Cornell University recognizes that America's top-performing colleges have an important role to play in this effort. Research shows that when high-achieving, lower-income students attend these institutions, they graduate at higher rates, and access to those institutions provides them with a much greater chance of attaining leadership positions and opportunity throughout their lives. Yet in each graduating high school class, there are at least 12,500 lower-income young people with outstanding academic credentials who do not enroll at institutions where they have the greatest likelihood of graduating.

These students have earned the opportunity these schools offer, but for a variety of reasons — including a lack of information about their options, confusion about costs, and inadequate financial aid offers — many of them simply lack access. The American Talent Initiative seeks to ensure that these "missing" students have a path to attend and thrive at the institutions with the highest-graduation rates and best track records for post-graduate success.

Colleges and universities participating in the American Talent Initiative will further the national goal of developing more talent from every American neighborhood by:

  • Recruiting students from diverse socio-economic backgrounds through robust outreach;
  • Ensuring that admitted lower-income students enroll and are retained through practices that have been shown to be effective;
  • Prioritizing need-based financial aid; and
  • Minimizing or eliminating gaps in progression and graduation rates between and among students from low-, moderate- and high-income families.
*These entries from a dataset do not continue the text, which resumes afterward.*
(* Let $D$ and $V$ be one-dimensional Noetherian local integral domains with common quotient field $L$, and set $R=D\cap V$. Suppose: (a) $V$ is a discrete rank one valuation ring of $L$; (b) there is a prime element $\pi$ of $V$ that is also a prime element of $R$; (c) for every maximal ideal $N$ of the integral closure $\overline D$ of $D$, the valuation ring $\overline D_N$ is independent of $V$; (d) $D$ is not a unique factorization domain; (e) there are at least two non-associated irreducible elements of $D$ that are also irreducible in $R$. Then $R$ is a one-dimensional Noetherian integral domain (in particular atomic) with exactly two maximal ideals, $\pi$ is, up to associates in $R$, the unique prime element of $R$, $R$ has irreducible elements not associated to $\pi$, and none of these is absolutely irreducible.
   Context: Two valuation rings $V_1,V_2$ of a field $L$ are independent if the only valuation ring of $L$ containing both $V_1$ and $V_2$ is $L$ itself. Factorization notions for a domain refer to its monoid of non-zero elements. Two factorizations into irreducibles $a_1\cdots a_n=b_1\cdots b_m$ of the same element are essentially the same if $n=m$ and, after re-indexing, $a_j$ and $b_j$ are associated for all $j$. An irreducible $r$ is absolutely irreducible if for every $n\in\mathbb N$, every factorization of $r^n$ into irreducibles is essentially the same as $r^n=r\cdots r$. *)

theory Defs
  imports "HOL-Computational_Algebra.Polynomial"
begin

text \<open>All rings considered are subrings of a fixed field, the type 'a (playing the role of L).
  Ring-theoretic notions are relativised to a subring S :: 'a set.\<close>

definition subring :: "'a::field set \<Rightarrow> bool" where
  "subring S \<longleftrightarrow> 0 \<in> S \<and> 1 \<in> S \<and> (\<forall>x\<in>S. \<forall>y\<in>S. x + y \<in> S \<and> x - y \<in> S \<and> x * y \<in> S)"

definition quotient_field_is_L :: "'a::field set \<Rightarrow> bool" where
  "quotient_field_is_L S \<longleftrightarrow> (\<forall>x. \<exists>a\<in>S. \<exists>b\<in>S. b \<noteq> 0 \<and> x = a / b)"

definition ideal_in :: "'a::field set \<Rightarrow> 'a set \<Rightarrow> bool" where
  "ideal_in S I \<longleftrightarrow> I \<subseteq> S \<and> 0 \<in> I \<and> (\<forall>x\<in>I. \<forall>y\<in>I. x + y \<in> I \<and> x - y \<in> I)
     \<and> (\<forall>s\<in>S. \<forall>x\<in>I. s * x \<in> I)"

definition ideal_gen :: "'a::field set \<Rightarrow> 'a set \<Rightarrow> 'a set" where
  "ideal_gen S F = {sum (\<lambda>f. c f * f) F | c. \<forall>f\<in>F. c f \<in> S}"

definition noetherian :: "'a::field set \<Rightarrow> bool" where
  "noetherian S \<longleftrightarrow> (\<forall>I. ideal_in S I \<longrightarrow> (\<exists>F. finite F \<and> F \<subseteq> S \<and> I = ideal_gen S F))"

definition prime_ideal_in :: "'a::field set \<Rightarrow> 'a set \<Rightarrow> bool" where
  "prime_ideal_in S P \<longleftrightarrow> ideal_in S P \<and> P \<noteq> S \<and>
     (\<forall>a\<in>S. \<forall>b\<in>S. a * b \<in> P \<longrightarrow> a \<in> P \<or> b \<in> P)"

definition maximal_ideal_in :: "'a::field set \<Rightarrow> 'a set \<Rightarrow> bool" where
  "maximal_ideal_in S M \<longleftrightarrow> ideal_in S M \<and> M \<noteq> S \<and>
     (\<forall>J. ideal_in S J \<and> M \<subseteq> J \<longrightarrow> J = M \<or> J = S)"

definition krull_dim_one :: "'a::field set \<Rightarrow> bool" where
  "krull_dim_one S \<longleftrightarrow>
     (\<exists>P Q. prime_ideal_in S P \<and> prime_ideal_in S Q \<and> P \<subset> Q) \<and>
     \<not> (\<exists>P Q T. prime_ideal_in S P \<and> prime_ideal_in S Q \<and> prime_ideal_in S T \<and> P \<subset> Q \<and> Q \<subset> T)"

definition local_ring :: "'a::field set \<Rightarrow> bool" where
  "local_ring S \<longleftrightarrow> (\<exists>!M. maximal_ideal_in S M)"

definition unit_in :: "'a::field set \<Rightarrow> 'a \<Rightarrow> bool" where
  "unit_in S u \<longleftrightarrow> u \<in> S \<and> (\<exists>v\<in>S. u * v = 1)"

definition dvd_in :: "'a::field set \<Rightarrow> 'a \<Rightarrow> 'a \<Rightarrow> bool" where
  "dvd_in S a b \<longleftrightarrow> (\<exists>c\<in>S. b = a * c)"

definition assoc_in :: "'a::field set \<Rightarrow> 'a \<Rightarrow> 'a \<Rightarrow> bool" where
  "assoc_in S a b \<longleftrightarrow> (\<exists>u. unit_in S u \<and> a = u * b)"

definition irreducible_in :: "'a::field set \<Rightarrow> 'a \<Rightarrow> bool" where
  "irreducible_in S r \<longleftrightarrow> r \<in> S \<and> r \<noteq> 0 \<and> \<not> unit_in S r \<and>
     (\<forall>a\<in>S. \<forall>b\<in>S. r = a * b \<longrightarrow> unit_in S a \<or> unit_in S b)"

definition prime_elem_in :: "'a::field set \<Rightarrow> 'a \<Rightarrow> bool" where
  "prime_elem_in S p \<longleftrightarrow> p \<in> S \<and> p \<noteq> 0 \<and> \<not> unit_in S p \<and>
     (\<forall>a\<in>S. \<forall>b\<in>S. dvd_in S p (a * b) \<longrightarrow> dvd_in S p a \<or> dvd_in S p b)"

definition factorization_in :: "'a::field set \<Rightarrow> 'a list \<Rightarrow> 'a \<Rightarrow> bool" where
  "factorization_in S xs x \<longleftrightarrow> (\<forall>a\<in>set xs. irreducible_in S a) \<and> prod_list xs = x"

definition essentially_same :: "'a::field set \<Rightarrow> 'a list \<Rightarrow> 'a list \<Rightarrow> bool" where
  "essentially_same S xs ys \<longleftrightarrow> length xs = length ys \<and>
     (\<exists>\<sigma>. bij_betw \<sigma> {..<length xs} {..<length xs} \<and>
         (\<forall>j<length xs. assoc_in S (xs ! j) (ys ! \<sigma> j)))"

definition atomic :: "'a::field set \<Rightarrow> bool" where
  "atomic S \<longleftrightarrow> (\<forall>x\<in>S. x \<noteq> 0 \<and> \<not> unit_in S x \<longrightarrow> (\<exists>xs. factorization_in S xs x))"

definition UFD :: "'a::field set \<Rightarrow> bool" where
  "UFD S \<longleftrightarrow> atomic S \<and>
     (\<forall>x xs ys. factorization_in S xs x \<and> factorization_in S ys x \<longrightarrow> essentially_same S xs ys)"

definition abs_irreducible_in :: "'a::field set \<Rightarrow> 'a \<Rightarrow> bool" where
  "abs_irreducible_in S r \<longleftrightarrow> irreducible_in S r \<and>
     (\<forall>n::nat. \<forall>xs. factorization_in S xs (r ^ n) \<longrightarrow> essentially_same S xs (replicate n r))"

definition valuation_ring :: "'a::field set \<Rightarrow> bool" where
  "valuation_ring W \<longleftrightarrow> subring W \<and> (\<forall>x. x \<noteq> 0 \<longrightarrow> x \<in> W \<or> inverse x \<in> W)"

definition discrete_rank_one_valuation_ring :: "'a::field set \<Rightarrow> bool" where
  "discrete_rank_one_valuation_ring V \<longleftrightarrow>
     (\<exists>v :: 'a \<Rightarrow> int.
        (\<forall>x y. x \<noteq> 0 \<and> y \<noteq> 0 \<longrightarrow> v (x * y) = v x + v y) \<and>
        (\<forall>x y. x \<noteq> 0 \<and> y \<noteq> 0 \<and> x + y \<noteq> 0 \<longrightarrow> v (x + y) \<ge> min (v x) (v y)) \<and>
        v ` (UNIV - {0}) = UNIV \<and>
        V = {x. x = 0 \<or> v x \<ge> 0})"

definition independent :: "'a::field set \<Rightarrow> 'a set \<Rightarrow> bool" where
  "independent V1 V2 \<longleftrightarrow> (\<forall>W. valuation_ring W \<and> V1 \<subseteq> W \<and> V2 \<subseteq> W \<longrightarrow> W = UNIV)"

definition integral_closure :: "'a::field set \<Rightarrow> 'a set" where
  "integral_closure S = {x. \<exists>p::'a poly. lead_coeff p = 1 \<and> (\<forall>i. coeff p i \<in> S) \<and> poly p x = 0}"

definition localization :: "'a::field set \<Rightarrow> 'a set \<Rightarrow> 'a set" where
  "localization S N = {a / b | a b. a \<in> S \<and> b \<in> S \<and> b \<notin> N}"

end

theory Submission
  imports Defs
begin

text \<open>Write \<open>R = D \<inter> V\<close> and let \<open>m\<close> be the maximal ideal of \<open>D\<close>. The prime \<open>\<pi>\<close> of \<open>R\<close> is a
  unit of \<open>D\<close>. Indeed \<open>D \<subseteq> V\<close> is impossible, as then \<open>m = \<pi>D\<close> and all irreducibles of \<open>D\<close> would
  be associated; so for \<open>d \<in> D - V\<close> and \<open>\<pi> \<in> m\<close> the element \<open>\<pi>\<^sup>n d \<in> m \<inter> R\<close> would have value \<open>0\<close>,
  and since \<open>D\<close> is local of dimension one some power of \<open>\<pi>\<close> would be a \<open>D\<close>-multiple of it, which
  primality of \<open>\<pi>\<close> in \<open>R\<close> rules out. Fix \<open>s \<in> m\<close> with \<open>v s = 0\<close>. Every element of \<open>D\<close> (of \<open>V\<close>)
  lands in \<open>R\<close> after multiplication by a power of \<open>\<pi>\<close> (of \<open>s\<close>), and all \<open>s\<^sup>k + \<pi>\<^sup>j\<close> with
  \<open>k, j > 0\<close> are units of \<open>R\<close>. Hence the nonzero primes of \<open>R\<close> are exactly \<open>m \<inter> R\<close> and \<open>\<pi>R\<close>,
  both maximal, and \<open>R\<close> inherits Noetherianity from \<open>D\<close> and \<open>V\<close>.

  An irreducible \<open>r\<close> of \<open>R\<close> not associated to \<open>\<pi>\<close> has value \<open>0\<close> and lies in \<open>m\<close>. Normalising
  an irreducible of \<open>D\<close> not associated to \<open>r\<close> by a power of \<open>\<pi>\<close> gives \<open>z \<in> R\<close> of value \<open>0\<close>
  dividing some \<open>r\<^sup>n\<close> in \<open>D\<close>, and the cofactor then lies in \<open>R\<close>; so \<open>r\<^sup>n\<^sup>+\<^sup>1\<close> has a
  factorization containing the irreducible factors of \<open>z\<close>, which are not all associated to \<open>r\<close>.\<close>

lemma subringD:
  assumes "subring S"
  shows "0 \<in> S" "1 \<in> S" "x \<in> S \<Longrightarrow> y \<in> S \<Longrightarrow> x + y \<in> S"
    "x \<in> S \<Longrightarrow> y \<in> S \<Longrightarrow> x - y \<in> S" "x \<in> S \<Longrightarrow> y \<in> S \<Longrightarrow> x * y \<in> S"
  using assms unfolding subring_def by auto

lemma subring_power: "subring S \<Longrightarrow> x \<in> S \<Longrightarrow> x ^ n \<in> S"
  by (induction n) (auto intro: subringD)

lemma subring_sum:
  assumes "subring S" "finite A" "\<forall>a\<in>A. g a \<in> S"
  shows "sum g A \<in> S"
  using assms(2,3) by (induction A rule: finite_induct) (auto intro: subringD[OF assms(1)])

lemma unit_in_iff: "unit_in S u \<longleftrightarrow> u \<in> S \<and> u \<noteq> 0 \<and> inverse u \<in> S"
proof
  assume "unit_in S u"
  then obtain w where "u \<in> S" "w \<in> S" "u * w = 1" unfolding unit_in_def by auto
  moreover from this have "w = inverse u" by (metis inverse_unique)
  ultimately show "u \<in> S \<and> u \<noteq> 0 \<and> inverse u \<in> S" by auto
next
  assume "u \<in> S \<and> u \<noteq> 0 \<and> inverse u \<in> S"
  then show "unit_in S u" unfolding unit_in_def by (metis right_inverse)
qed

lemma unit_in_mult: "subring S \<Longrightarrow> unit_in S a \<Longrightarrow> unit_in S b \<Longrightarrow> unit_in S (a * b)"
  by (auto simp: unit_in_iff subringD(5) inverse_mult_distrib)

lemma unit_in_inverse: "unit_in S a \<Longrightarrow> unit_in S (inverse a)"
  by (auto simp: unit_in_iff)

lemma unit_in_power: "subring S \<Longrightarrow> unit_in S a \<Longrightarrow> unit_in S (a ^ n)"
  by (auto simp: unit_in_iff subring_power power_inverse[symmetric])

lemma unit_in_one: "subring S \<Longrightarrow> unit_in S 1"
  by (auto simp: unit_in_iff subringD)

lemma unit_in_mono: "S \<subseteq> T \<Longrightarrow> unit_in S u \<Longrightarrow> unit_in T u"
  by (auto simp: unit_in_iff)

lemma assoc_in_common_factor:
  assumes "subring S" "unit_in S c" "unit_in S d" "x = c * p" "y = d * p"
  shows "assoc_in S x y"
proof -
  have "unit_in S (c * inverse d)" using assms(1-3) unit_in_mult unit_in_inverse by blast
  moreover have "x = (c * inverse d) * y" using assms(3-5) by (auto simp: unit_in_iff)
  ultimately show ?thesis unfolding assoc_in_def by blast
qed

lemma dvd_in_trans: "subring S \<Longrightarrow> dvd_in S a b \<Longrightarrow> dvd_in S b c \<Longrightarrow> dvd_in S a c"
  unfolding dvd_in_def by (metis mult.assoc subringD(5))

lemma dvd_in_refl: "subring S \<Longrightarrow> dvd_in S a a"
  unfolding dvd_in_def using subringD(2) by force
Cornell and other ATI members will share lessons learned as well as institutional data, and throughout the coming the coming years, will annually publish their aggregate progress toward meeting the national goal of 50,000 additional lower- income students by 2025. The Aspen Institute's College Excellence Program and Ithaka S+R, the two not-for-profit organizations coordinating the initiative, will study the practices that lead to measurable progress and share that knowledge with field through regular publications. The first of these publications focusing on financial strategies to bolster lower-income student success was published in February on the ATI website.